There are two pieces of advice I can give you here. 1) You are not smarter than your readers, and 2) Do not, under any circumstances, try to be relevant. By relevant I mean hip, cool, down or up with it, of the times, etcetera. One in a million authors can pull this off (Rick Riordan is one). Many more try and fail. The thing about being relevant is that it’s like being the Fonz (NB: if you get that reference, you are no longer relevant). You can’t pretend to be the Fonz and hope people will think you’re cool. Coolness cannot be faked, and the most uncool thing you can do is to tryto be cool. If you happen to be cool – fantastic! You don’t even need to read this post.

The problem with relevancy is that it’s ephemeral. Trends change, often, and attempts to keep up with them might make your work seem fresh one day, but completely dated the next. There’s a dangerously thin line between sounding like a teen and sounding like an adult trying to sound like a teen. One works. The other invites further eye rolling.

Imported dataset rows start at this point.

text \<open>Comparison with a presentation S of the same matroid: for every flat G, as many
  shrunk sets as sets of S have closure G (inversion of the counts of covered_flat).\<close>

lemma closure_fibres:
  assumes S: "set_system A S" and same: "\<forall>X. X \<subseteq> A \<longrightarrow> pg_cl A S X = cl X"
    and G: "G \<subseteq> A" "cl G = G"
  shows "card {r\<in>R. cl (g r) = G} = card {s\<in>S. cl s = G}"
proof -
  define Fl where "Fl = {F. F \<subseteq> A \<and> cl F = F}"
  have S_edges: "\<forall>s\<in>S. s \<subseteq> A" using set_system.edges[OF S] by blast
  show ?thesis
  proof (rule card_fibres_eq[of Fl])
    show "finite Fl" unfolding Fl_def using finite_A by simp
    show "\<forall>F\<in>Fl. finite F" unfolding Fl_def using finite_subset_A by blast
    show "\<forall>r\<in>R. cl (g r) \<in> Fl" unfolding Fl_def using closure_subset_A closure_idem shrunk_subset_A by blast
    show "\<forall>s\<in>S. cl s \<in> Fl" unfolding Fl_def using closure_subset_A closure_idem S_edges by blast
    show "G \<in> Fl" unfolding Fl_def using G by blast
    show "finite R" "finite S" using finite_R set_system.finite_R[OF S] .
    show "\<forall>F\<in>Fl. card {r\<in>R. cl (g r) \<subseteq> F} = card {s\<in>S. cl s \<subseteq> F}"
    proof
      fix F assume "F \<in> Fl"
      then have F: "F \<subseteq> A" "cl F = F" unfolding Fl_def by auto
      have "{r\<in>R. cl (g r) \<subseteq> F} = {r\<in>R. g r \<subseteq> F}"
        using subset_flat_iff[OF _ F] shrunk_subset_A by blast
      then have lhs: "int (card {r\<in>R. cl (g r) \<subseteq> F}) = int (card F) - d F"
        using covered_flat[OF F] unfolding covered_def by simp
      have "{s\<in>S. cl s \<subseteq> F} = R_in S F"
        unfolding R_in_def using subset_flat_iff[OF _ F] S_edges by blast
      moreover have "delta S F = dim A S F"
        using set_system.delta_flat[OF S F(1)] same F by simp
      moreover have "dim A S F = d F"
        using dim_eq_if_same_closure[OF S set_system_axioms same F(1)] .
      ultimately have rhs: "int (card {s\<in>S. cl s \<subseteq> F}) = int (card F) - d F"
        unfolding delta_def by simp
      show "card {r\<in>R. cl (g r) \<subseteq> F} = card {s\<in>S. cl s \<subseteq> F}" using lhs rhs by simp
    qed
  qed
qed

context
  assumes circuits: "\<And>r x. r \<in> R \<Longrightarrow> x \<in> g r \<Longrightarrow> int (card (g r)) - 1 \<le> d (g r - {x})"
begin

lemma dim_shrunk_ge: "r \<in> R \<Longrightarrow> int (card (g r)) - 1 \<le> d (g r)"
proof -
  assume r: "r \<in> R"
  then obtain x where x: "x \<in> g r" using shrinks by blast
  have "d (g r - {x}) \<le> d (g r)" using shrunk_subset_A[OF r] by (intro dim_mono) auto
  then show ?thesis using circuits[OF r x] by simp
qed

lemma inj_shrunk: "inj_on g R"
proof (rule inj_onI, rule ccontr)
  fix r r' assume r: "r \<in> R" and r': "r' \<in> R" and eq: "g r = g r'" and ne: "r \<noteq> r'"
  have "card {r, r'} \<le> N (g r)"
    unfolding covered_def by (rule card_mono) (use finite_R r r' eq in auto)
  then have "2 \<le> N (g r)" using ne by simp
  then have "d (g r) \<le> int (card (g r)) - 2"
    using dim_le_D[OF shrunk_subset_A[OF r]] unfolding defect_def by linarith
  then show False using dim_shrunk_ge[OF r] by linarith
qed

lemma card_shrunk_le:
  assumes S: "set_system A S" and same: "\<forall>X. X \<subseteq> A \<longrightarrow> pg_cl A S X = cl X"
    and S_bound: "\<forall>s\<in>S. card s \<le> k" and r: "r \<in> R"
  shows "card (g r) \<le> k"
proof -
  have G: "cl (g r) \<subseteq> A" "cl (cl (g r)) = cl (g r)"
    using closure_subset_A closure_idem[OF shrunk_subset_A[OF r]] by auto
  have "card {q\<in>R. cl (g q) = cl (g r)} \<noteq> 0" using r finite_R by auto
  then have "{s\<in>S. cl s = cl (g r)} \<noteq> {}" using closure_fibres[OF S same G] by force
  then obtain s where s: "s \<in> S" "cl s = cl (g r)" by blast
  have sA: "s \<subseteq> A" using s(1) set_system.edges[OF S] by blast
  have "s \<in> R_in S s" unfolding R_in_def using s(1) by simp
  moreover have "finite (R_in S s)" using set_system.finite_R[OF S] unfolding R_in_def by simp
  ultimately have "card (R_in S s) \<ge> 1" by (metis One_nat_def Suc_leI card_gt_0_iff empty_iff)
  then have "dim A S s \<le> int (card s) - 1"
    using set_system.dim_le[OF S subset_refl sA] unfolding delta_def by linarith
  moreover have "dim A S s = d s" using dim_eq_if_same_closure[OF S set_system_axioms same sA] .
  moreover have "d s = d (g r)"
    using dim_closure[OF sA] dim_closure[OF shrunk_subset_A[OF r]] s(2) by simp
  ultimately show ?thesis using dim_shrunk_ge[OF r] S_bound s(1) by fastforce
qed

end

context
  assumes inj: "inj_on g R"
begin

lemma delta_image: "delta (g ` R) X = D X"
proof -
  have "R_in (g ` R) X = g ` {r\<in>R. g r \<subseteq> X}" unfolding R_in_def by auto
  moreover have "inj_on g {r\<in>R. g r \<subseteq> X}" using inj by (rule inj_on_subset) auto
  ultimately show ?thesis unfolding delta_def defect_def covered_def by (simp add: card_image)
qed

lemma set_system_image: "set_system A (g ` R)"
proof
  show "finite A" by (rule finite_A)
  show "\<forall>r\<in>g ` R. finite r \<and> r \<noteq> {} \<and> r \<subseteq> A"
    using shrinks shrunk_subset_A finite_shrunk by auto
  show "\<forall>X. X \<subseteq> A \<longrightarrow> 0 \<le> delta (g ` R) X"
  proof (intro allI impI)
    fix X assume X: "X \<subseteq> A"
    show "0 \<le> delta (g ` R) X" using dim_le_D[OF X] dim_nonneg[OF X] delta_image[of X] by linarith
  qed
qed

lemma dim_image: "X \<subseteq> A \<Longrightarrow> dim A (g ` R) X = d X"
proof -
  assume X: "X \<subseteq> A"
  obtain Y where Y: "X \<subseteq> Y" "Y \<subseteq> A" "D Y \<le> d X" using tight_superset[OF X] .
  have "dim A (g ` R) X \<le> d X"
    using set_system.dim_le[OF set_system_image Y(1,2)] Y(3) delta_image by simp
  moreover obtain Z where Z: "X \<subseteq> Z" "Z \<subseteq> A" "delta (g ` R) Z = dim A (g ` R) X"
    using set_system.dim_attained[OF set_system_image X] .
  then have "d X \<le> dim A (g ` R) X"
    using dim_mono[OF Z(1,2)] dim_le_D[OF Z(2)] delta_image by simp
  ultimately show ?thesis by simp
qed

lemma closure_image: "X \<subseteq> A \<Longrightarrow> pg_cl A (g ` R) X = cl X"
  unfolding pg_cl_def using dim_image by auto

lemma self_sufficient_image:
  assumes C: "self_sufficient A R C"
  shows "self_sufficient A (g ` R) C"
  unfolding self_sufficient_def
proof (intro conjI allI impI)
  show CA: "C \<subseteq> A" using C unfolding self_sufficient_def by blast
  fix X assume X: "C \<subseteq> X \<and> X \<subseteq> A"
  obtain Y where Y: "C \<subseteq> Y" "Y \<subseteq> A" "delta R Y = d C" using dim_attained[OF CA] .
  have "D C \<le> delta R C" by (rule D_le_delta)
  also have "\<dots> \<le> delta R Y" using C Y unfolding self_sufficient_def by blast
  also have "\<dots> \<le> d X" using Y dim_mono X by simp
  also have "\<dots> \<le> D X" using X dim_le_D by blast
  finally show "delta (g ` R) C \<le> delta (g ` R) X" using delta_image by simp
qed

Remember that you are not smarter than your readers. I cannot stress this enough. You must imagine me waving my arms emphatically in your face while you’re reading that sentence. The worst thing a YA author can do is to patronise their readers. YA readers are not stupid. They’re savvy, they know what they want, they know what they like, and they have no interest in you telling them what they like or what they know (or what they don’t, for that matter). If you try to lecture them, or speak down to them, or assume even for an instant that you are smarter than they are, they will know you are doing it and put your book down.

So, what can you do to make your writing sound authentic? Go for natural. Get a teen to read your dialogue and punch holes in it, if you can find one willing to do it. Weigh your slang usage carefully. Swearing doesn’t make you instantly cool, but if used wisely can enliven a conversation or heighten a moment. When slanging or cursing, aim for timeless rather than timely. Invent your own phrases, if you can, but make them a natural progression of everyday language. The use of shiny in Joss Whedon’s Firefly is an example of how to do it right.

Finally, try to recall your own young adulthood. All of the YA authors I’ve spoken to about this say roughly the same thing, that their teenage years still loom large in their imaginations. Avoid trying to capture someone else’s young adulthood and reflect instead on your own experiences. That’s the only way to make it truly genuine, and authenticity is one of the things YA readers look for. Or it’s not. I wouldn’t know. I’m not smarter than they are.